祭りの夜、5年ぶりに再会した幼馴染に思い知らされる話。

「僕、だめなんだと思ってた。周也から離れて、ずっと一人で生きていくんだと思ってた」

あの日と同じ窓際。
二人並んで、通りを見下ろす。
祭りは終わったけれど、撤収作業が続いている。

目元を押さえる周也が、黒い窓に映った。
やっと止まった涙。
また滲んでくる。

「……それはない。諦めるつもりなかったし」

「でも、ここに戻らないで家に帰ってたら、それきりだっただろ?」

「一回は手離しても、またなんとかしてチャンス作るし」

「……そうかよ」

情けない顔して涙拭いてるくせに、言うことは相変わらず男前だ。
でも、こういう顔がもっと見たい。
五年間の空白の分、一生かけて見ていきたい。
いつの間にか窓越しじゃなく、周也と顔を見合わせていた。

「雨、やんだな」

「うん」

周也の長い指が、カーテンを引き寄せる。
たったそれだけで、二人きりの世界が完成した。
顔が近づいてくる。
こういうときって、どうするのが正解?
目はつぶる?
でも、周也の顔が見れなくなるじゃんか。
よし、ギリギリまで開けてよう。
あ、やっぱりハズい。
……うわぁ。
なんだこれ。
キスってふわふわしてるんだな。
いつも見てた唇が、僕のに重なってる。
めちゃくちゃ気持ちいい……
って、息はどうすれば?

「拓海、なに考えてる?」

「ふぁ?!」

触れるか触れないかのところで囁かれて、口の中にまで振動が伝わる。
思わず吐き出した息が混ざり合う。
そのまま離れると、周也が僕の腕を引いた。

「拓海、こっち」

「……ん?うん」

畳に放り出した漫画を拾った。
と思ったら、周也はゴロンとベッドに寝転んだ。

「は?読むの?今?」

「俺、まだ途中だし」

「はぁ……分かったよ。
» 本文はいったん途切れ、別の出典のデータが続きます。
theorem lemma3:
  fixes \<beta> :: "nat \<Rightarrow> real" and n l :: nat
  assumes nonneg: "0 \<le> \<beta> 1"
    and mono: "\<And>i j. 1 \<le> i \<Longrightarrow> i \<le> j \<Longrightarrow> j \<le> n \<Longrightarrow> \<beta> i \<le> \<beta> j"
    and l: "1 \<le> l" "l \<le> n"
  shows
    "(\<forall>d::nat. \<exists>I. is_lqset \<beta> n l (2 * real d / real l) I \<and> size I = 2 * d)
     \<and> (\<forall>h::nat. real h \<le> (real l + 1) / 2 \<longrightarrow>
          (\<exists>I. is_lqset \<beta> n l (1 - 2 * real h / (real l * (real l + 1))) I
               \<and> l - 1 \<le> size I \<and> size I \<le> l))
     \<and> (\<forall>k::nat. \<forall>h::nat. 1 \<le> k \<longrightarrow> h \<le> l \<longrightarrow>
          (\<exists>I. is_lqset \<beta> n l (real k + 2 * real h / (real l * (real l + 1))) I
               \<and> int (k * l) + \<lfloor>2 * real h / (real l + 1)\<rfloor> \<le> int (size I)
               \<and> int (size I) \<le> int (k * l) + \<lceil>2 * real h / (real l + 1)\<rceil>))
     \<and> (\<forall>d::nat. \<forall>h::nat. 1 \<le> d \<longrightarrow> h \<le> l \<longrightarrow>
          (\<exists>I. is_lqset \<beta> n l (2 * real d / real l + 2 * real h / (real l * (real l + 1))) I
               \<and> size I \<le> 2 * d + 2))
     \<and> (l \<le> n - 1 \<longrightarrow> (\<forall>d::nat. \<exists>I. is_lset l I \<and> size I = 2 * d
               \<and> real (Sig I) \<ge> real l * real d
               \<and> sigma_l \<beta> n I l \<le> 2 * real d * tl_sum \<beta> n (l + 1) / (real l + 1)))"
proof -
  have "l + 1 \<le> n" if "l \<le> n - 1"
    using that l(1) by arith
  then show ?thesis
    using exists_lqset_pairs[OF l(1)] exists_lqset_below_one[OF l(1)]
      exists_lqset_above_integer[OF l(1)] exists_lqset_pairs_extended[OF l(1)]
      exists_lset_pairs_tl_sum_Suc
    by blast
qed

end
そっち詰めろ」

周也に背中を向けて横になると、僕に漫画を渡してくる。
そのまま腕が僕の腰に回って、隙間がないくらいすっぽりと抱え込まれた。
二人で一冊の漫画を読む。
それは、あのころと変わらない。
でも、伝わってくる熱も、胸の苦しさも、段違いに甘い。

漫画を開いたけど、どこまで読んだかなんて覚えてない。
これ、周也から見えてんのか?
ちょっと上向きにすればいけるか。
って、重っ!足!
暑いし。
もぞもぞ動くと、周也の息で僕の髪が揺れた。

「この漫画、拓海が好きそうだと思って買ったんだ」

「まじで?!ていうか、僕もなんだけど」

「僕もって?」

「周也が好きそうだから買ってた」

「……俺らって、盛大にすれ違ってたんだな」

「いや、そこは以心伝心ってやつだろ」

しばらくパラパラとページをめくる。
文字なんて頭に入らない。
絵を眺めてるだけ。
周也も同じらしく、僕がページを飛ばしても何も言わなかった。

パタンという音でハッとする。
ウトウトしてたらしい。

「……あ、悪ぃ」

「いいよ。俺も眠い。もう寝よう」

周也が照明のリモコンを操作すると、暗闇に包まれた。
カーテンの隙間から月明かりが漏れている。
どこか遠くで犬の遠吠えが聞こえる。
いつの間にか、頭の下に周也の腕があった。

「僕……泊まるって……言ってない……」

「おばさんに連絡したから大丈夫」

え、そうなの?
言いたくても口が動かない。
完全に脱力。
周也が髪をなでる手が気持ちよすぎて。

「あとで、まなちゃんにお礼しないと」

ふいに呟かれた言葉に、ピクッと肩が揺れた。
それってどういう意味?
でも、やっぱりなにも考えられない。
明日起きたら問い詰めることにしよう。

「拓海、好きだよ」

……なんだよ。
一回しか言わないって言ってたのに。
嘘つき。

周也がぎゅっと抱きしめてくる。
苦しくて、あったかくて、ホッとして。
少し早くなった鼓動さえ心地良い。
周也の腕にそっとキスして、僕は意識を手放した。


五年ぶりに再会した幼馴染には、僕を諦めるつもりはなかったらしい。